Below are some records. Pull every line that contains the word "define".

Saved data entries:
......

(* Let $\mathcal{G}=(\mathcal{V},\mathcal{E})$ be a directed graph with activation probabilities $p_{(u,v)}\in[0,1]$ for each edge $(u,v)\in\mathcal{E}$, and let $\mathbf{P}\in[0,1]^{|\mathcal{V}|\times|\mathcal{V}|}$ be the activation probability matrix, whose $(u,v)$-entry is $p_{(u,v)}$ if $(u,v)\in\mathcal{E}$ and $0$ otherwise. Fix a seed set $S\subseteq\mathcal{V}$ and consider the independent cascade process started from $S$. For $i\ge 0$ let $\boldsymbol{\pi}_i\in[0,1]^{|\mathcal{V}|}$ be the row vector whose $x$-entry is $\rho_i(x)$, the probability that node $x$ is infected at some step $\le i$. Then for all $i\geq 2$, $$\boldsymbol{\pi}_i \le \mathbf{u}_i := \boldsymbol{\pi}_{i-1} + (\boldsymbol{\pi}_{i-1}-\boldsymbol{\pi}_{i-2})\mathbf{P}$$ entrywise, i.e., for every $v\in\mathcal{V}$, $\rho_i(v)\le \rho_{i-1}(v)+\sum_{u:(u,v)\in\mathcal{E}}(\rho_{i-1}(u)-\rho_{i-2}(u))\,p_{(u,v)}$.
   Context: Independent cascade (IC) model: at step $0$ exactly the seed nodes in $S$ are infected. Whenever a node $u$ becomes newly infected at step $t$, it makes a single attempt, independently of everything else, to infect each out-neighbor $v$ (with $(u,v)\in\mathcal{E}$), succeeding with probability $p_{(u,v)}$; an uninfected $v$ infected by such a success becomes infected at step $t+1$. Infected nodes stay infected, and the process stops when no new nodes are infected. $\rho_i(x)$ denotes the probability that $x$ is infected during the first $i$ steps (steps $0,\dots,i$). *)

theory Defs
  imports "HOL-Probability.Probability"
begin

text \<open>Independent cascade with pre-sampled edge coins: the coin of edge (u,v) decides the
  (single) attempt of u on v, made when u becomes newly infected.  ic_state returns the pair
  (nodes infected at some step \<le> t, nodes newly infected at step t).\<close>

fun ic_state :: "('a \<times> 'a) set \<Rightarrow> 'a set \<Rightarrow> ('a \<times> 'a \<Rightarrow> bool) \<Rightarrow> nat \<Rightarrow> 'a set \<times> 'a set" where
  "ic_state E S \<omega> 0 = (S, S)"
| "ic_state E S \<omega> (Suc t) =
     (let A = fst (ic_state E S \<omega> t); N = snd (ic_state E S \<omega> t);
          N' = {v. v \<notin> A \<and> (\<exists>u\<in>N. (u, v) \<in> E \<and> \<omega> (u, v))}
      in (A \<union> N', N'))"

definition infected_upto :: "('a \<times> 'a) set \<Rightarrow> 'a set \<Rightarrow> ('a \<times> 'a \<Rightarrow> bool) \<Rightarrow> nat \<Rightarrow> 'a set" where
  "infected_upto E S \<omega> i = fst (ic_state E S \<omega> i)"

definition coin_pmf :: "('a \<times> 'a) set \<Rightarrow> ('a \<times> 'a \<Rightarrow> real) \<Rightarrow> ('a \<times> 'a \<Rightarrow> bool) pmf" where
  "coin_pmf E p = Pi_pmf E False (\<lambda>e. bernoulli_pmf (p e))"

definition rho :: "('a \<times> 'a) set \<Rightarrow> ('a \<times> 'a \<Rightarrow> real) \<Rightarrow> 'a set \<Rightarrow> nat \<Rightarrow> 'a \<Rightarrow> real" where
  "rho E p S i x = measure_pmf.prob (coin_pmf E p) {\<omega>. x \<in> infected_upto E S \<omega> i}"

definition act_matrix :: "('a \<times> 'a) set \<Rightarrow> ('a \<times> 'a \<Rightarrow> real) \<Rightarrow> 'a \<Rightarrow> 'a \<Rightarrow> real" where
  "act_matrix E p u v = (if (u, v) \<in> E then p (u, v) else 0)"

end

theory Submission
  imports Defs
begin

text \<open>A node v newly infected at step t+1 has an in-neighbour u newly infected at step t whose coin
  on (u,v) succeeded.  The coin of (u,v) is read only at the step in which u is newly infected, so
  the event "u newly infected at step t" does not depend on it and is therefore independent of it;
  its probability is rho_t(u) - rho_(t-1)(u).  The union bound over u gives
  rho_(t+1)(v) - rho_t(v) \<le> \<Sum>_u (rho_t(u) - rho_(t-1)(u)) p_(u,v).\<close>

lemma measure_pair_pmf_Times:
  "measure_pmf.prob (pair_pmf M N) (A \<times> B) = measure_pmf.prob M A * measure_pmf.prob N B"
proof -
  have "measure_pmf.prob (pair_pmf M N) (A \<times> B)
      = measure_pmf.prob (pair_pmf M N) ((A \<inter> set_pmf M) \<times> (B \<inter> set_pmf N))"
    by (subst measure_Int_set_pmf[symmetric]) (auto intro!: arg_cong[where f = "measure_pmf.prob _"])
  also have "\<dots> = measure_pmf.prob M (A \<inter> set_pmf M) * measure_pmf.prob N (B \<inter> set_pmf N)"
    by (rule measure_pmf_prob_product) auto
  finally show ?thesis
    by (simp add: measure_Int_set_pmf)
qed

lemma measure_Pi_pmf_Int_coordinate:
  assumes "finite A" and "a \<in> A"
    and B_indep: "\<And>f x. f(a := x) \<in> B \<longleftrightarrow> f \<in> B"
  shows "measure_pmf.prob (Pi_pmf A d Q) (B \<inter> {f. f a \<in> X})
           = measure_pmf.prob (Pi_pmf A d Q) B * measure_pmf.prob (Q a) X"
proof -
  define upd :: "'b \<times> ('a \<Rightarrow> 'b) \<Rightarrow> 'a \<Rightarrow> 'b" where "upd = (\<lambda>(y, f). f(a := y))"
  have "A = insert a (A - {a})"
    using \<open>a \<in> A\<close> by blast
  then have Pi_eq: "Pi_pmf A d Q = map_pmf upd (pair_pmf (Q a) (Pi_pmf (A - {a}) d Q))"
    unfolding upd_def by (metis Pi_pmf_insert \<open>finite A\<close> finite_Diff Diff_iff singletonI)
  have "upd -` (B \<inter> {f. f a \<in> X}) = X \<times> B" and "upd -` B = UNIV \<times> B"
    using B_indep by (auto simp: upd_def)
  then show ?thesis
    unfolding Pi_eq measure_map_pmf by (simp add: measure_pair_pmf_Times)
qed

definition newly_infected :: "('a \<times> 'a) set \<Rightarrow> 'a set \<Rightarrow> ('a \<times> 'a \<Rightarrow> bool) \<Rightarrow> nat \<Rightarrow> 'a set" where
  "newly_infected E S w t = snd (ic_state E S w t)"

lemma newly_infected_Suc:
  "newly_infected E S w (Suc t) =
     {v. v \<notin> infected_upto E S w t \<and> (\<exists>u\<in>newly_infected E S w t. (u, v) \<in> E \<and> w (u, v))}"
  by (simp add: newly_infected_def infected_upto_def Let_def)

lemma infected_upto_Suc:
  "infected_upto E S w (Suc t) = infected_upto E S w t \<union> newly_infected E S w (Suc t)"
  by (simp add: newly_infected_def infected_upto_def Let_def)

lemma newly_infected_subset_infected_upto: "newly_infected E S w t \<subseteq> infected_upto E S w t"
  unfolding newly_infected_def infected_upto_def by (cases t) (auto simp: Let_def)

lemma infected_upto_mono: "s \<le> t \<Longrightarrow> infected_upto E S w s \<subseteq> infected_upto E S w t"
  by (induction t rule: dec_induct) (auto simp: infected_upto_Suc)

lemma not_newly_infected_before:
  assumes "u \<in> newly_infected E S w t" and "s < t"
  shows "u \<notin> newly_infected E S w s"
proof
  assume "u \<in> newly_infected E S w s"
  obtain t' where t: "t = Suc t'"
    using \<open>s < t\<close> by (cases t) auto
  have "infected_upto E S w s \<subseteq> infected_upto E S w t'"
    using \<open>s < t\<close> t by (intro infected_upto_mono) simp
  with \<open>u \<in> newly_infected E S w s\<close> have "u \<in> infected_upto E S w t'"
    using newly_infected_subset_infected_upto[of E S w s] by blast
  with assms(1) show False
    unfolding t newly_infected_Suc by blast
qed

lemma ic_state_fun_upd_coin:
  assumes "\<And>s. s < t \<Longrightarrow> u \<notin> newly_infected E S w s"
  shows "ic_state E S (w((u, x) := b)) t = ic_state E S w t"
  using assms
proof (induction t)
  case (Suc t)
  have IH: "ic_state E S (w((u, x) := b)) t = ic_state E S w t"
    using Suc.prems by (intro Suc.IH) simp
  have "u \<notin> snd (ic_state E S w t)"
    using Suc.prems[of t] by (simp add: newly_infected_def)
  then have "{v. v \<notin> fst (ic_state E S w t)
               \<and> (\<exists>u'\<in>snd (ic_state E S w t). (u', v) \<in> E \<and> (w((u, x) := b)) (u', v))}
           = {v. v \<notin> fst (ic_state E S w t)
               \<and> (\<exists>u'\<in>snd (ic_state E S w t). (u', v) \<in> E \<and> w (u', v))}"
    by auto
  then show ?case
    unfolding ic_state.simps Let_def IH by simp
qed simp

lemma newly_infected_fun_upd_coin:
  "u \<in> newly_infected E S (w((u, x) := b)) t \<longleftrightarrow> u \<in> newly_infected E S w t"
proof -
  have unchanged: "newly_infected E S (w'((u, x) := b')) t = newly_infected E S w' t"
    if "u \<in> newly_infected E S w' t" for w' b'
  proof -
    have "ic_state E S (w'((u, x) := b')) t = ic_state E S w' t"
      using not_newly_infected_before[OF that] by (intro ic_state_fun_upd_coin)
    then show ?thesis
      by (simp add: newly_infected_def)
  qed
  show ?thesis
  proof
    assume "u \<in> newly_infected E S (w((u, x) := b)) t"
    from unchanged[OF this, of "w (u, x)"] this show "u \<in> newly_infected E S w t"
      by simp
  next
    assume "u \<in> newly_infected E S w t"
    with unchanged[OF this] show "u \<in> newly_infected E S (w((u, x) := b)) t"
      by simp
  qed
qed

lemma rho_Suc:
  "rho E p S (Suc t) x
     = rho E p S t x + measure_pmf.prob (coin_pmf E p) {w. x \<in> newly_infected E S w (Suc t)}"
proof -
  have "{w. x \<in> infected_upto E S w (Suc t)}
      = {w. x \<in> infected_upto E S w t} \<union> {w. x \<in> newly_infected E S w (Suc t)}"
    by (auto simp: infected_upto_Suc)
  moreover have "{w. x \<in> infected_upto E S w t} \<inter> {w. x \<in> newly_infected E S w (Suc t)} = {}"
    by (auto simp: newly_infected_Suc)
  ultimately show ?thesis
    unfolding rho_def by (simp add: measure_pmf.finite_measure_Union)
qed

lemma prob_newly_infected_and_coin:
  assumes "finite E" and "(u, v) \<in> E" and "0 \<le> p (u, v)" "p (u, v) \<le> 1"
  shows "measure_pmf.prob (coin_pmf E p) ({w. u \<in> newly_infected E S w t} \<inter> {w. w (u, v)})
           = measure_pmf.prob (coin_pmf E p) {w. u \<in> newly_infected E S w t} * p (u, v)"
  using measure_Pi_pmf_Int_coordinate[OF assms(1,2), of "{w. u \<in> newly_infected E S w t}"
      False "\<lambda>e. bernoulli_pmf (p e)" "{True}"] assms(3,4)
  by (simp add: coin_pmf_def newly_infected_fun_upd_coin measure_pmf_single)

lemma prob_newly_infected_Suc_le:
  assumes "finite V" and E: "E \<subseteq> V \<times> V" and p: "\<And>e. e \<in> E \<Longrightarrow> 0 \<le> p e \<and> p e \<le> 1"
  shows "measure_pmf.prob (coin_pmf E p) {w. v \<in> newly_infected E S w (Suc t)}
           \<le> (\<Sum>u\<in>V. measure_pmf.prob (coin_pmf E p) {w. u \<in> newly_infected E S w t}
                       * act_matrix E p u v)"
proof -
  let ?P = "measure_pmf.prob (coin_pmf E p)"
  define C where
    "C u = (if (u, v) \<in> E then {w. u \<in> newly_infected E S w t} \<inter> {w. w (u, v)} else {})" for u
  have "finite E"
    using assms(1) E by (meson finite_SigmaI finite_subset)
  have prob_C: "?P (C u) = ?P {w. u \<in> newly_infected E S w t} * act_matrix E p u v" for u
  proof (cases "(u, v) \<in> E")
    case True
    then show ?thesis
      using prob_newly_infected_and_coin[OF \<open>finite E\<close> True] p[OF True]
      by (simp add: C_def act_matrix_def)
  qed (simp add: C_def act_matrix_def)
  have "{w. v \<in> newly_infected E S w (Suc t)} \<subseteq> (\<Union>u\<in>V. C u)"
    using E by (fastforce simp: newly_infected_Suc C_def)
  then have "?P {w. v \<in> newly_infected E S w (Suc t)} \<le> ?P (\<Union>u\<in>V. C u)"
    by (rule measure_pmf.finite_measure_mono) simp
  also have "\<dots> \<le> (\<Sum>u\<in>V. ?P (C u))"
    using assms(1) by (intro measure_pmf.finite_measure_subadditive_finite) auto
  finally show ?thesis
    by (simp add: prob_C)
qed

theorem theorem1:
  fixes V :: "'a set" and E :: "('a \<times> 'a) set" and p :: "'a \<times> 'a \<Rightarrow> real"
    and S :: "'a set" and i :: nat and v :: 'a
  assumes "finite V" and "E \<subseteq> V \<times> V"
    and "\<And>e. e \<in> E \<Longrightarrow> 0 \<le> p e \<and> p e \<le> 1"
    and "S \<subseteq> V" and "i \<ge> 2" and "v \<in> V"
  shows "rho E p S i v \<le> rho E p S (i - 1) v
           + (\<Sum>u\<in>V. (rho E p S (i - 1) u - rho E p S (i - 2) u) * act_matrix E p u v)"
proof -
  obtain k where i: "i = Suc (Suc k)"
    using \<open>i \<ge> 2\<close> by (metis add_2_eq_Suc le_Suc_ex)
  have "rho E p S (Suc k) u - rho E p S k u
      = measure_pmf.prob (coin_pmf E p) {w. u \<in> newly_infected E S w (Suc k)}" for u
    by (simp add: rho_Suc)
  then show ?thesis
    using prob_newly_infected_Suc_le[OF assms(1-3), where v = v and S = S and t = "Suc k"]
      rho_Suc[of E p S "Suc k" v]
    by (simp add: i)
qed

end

......

RESULT BELOW:
  define upd :: "'b \<times> ('a \<Rightarrow> 'b) \<Rightarrow> 'a \<Rightarrow> 'b" where "upd = (\<lambda>(y, f). f(a := y))"
  define C where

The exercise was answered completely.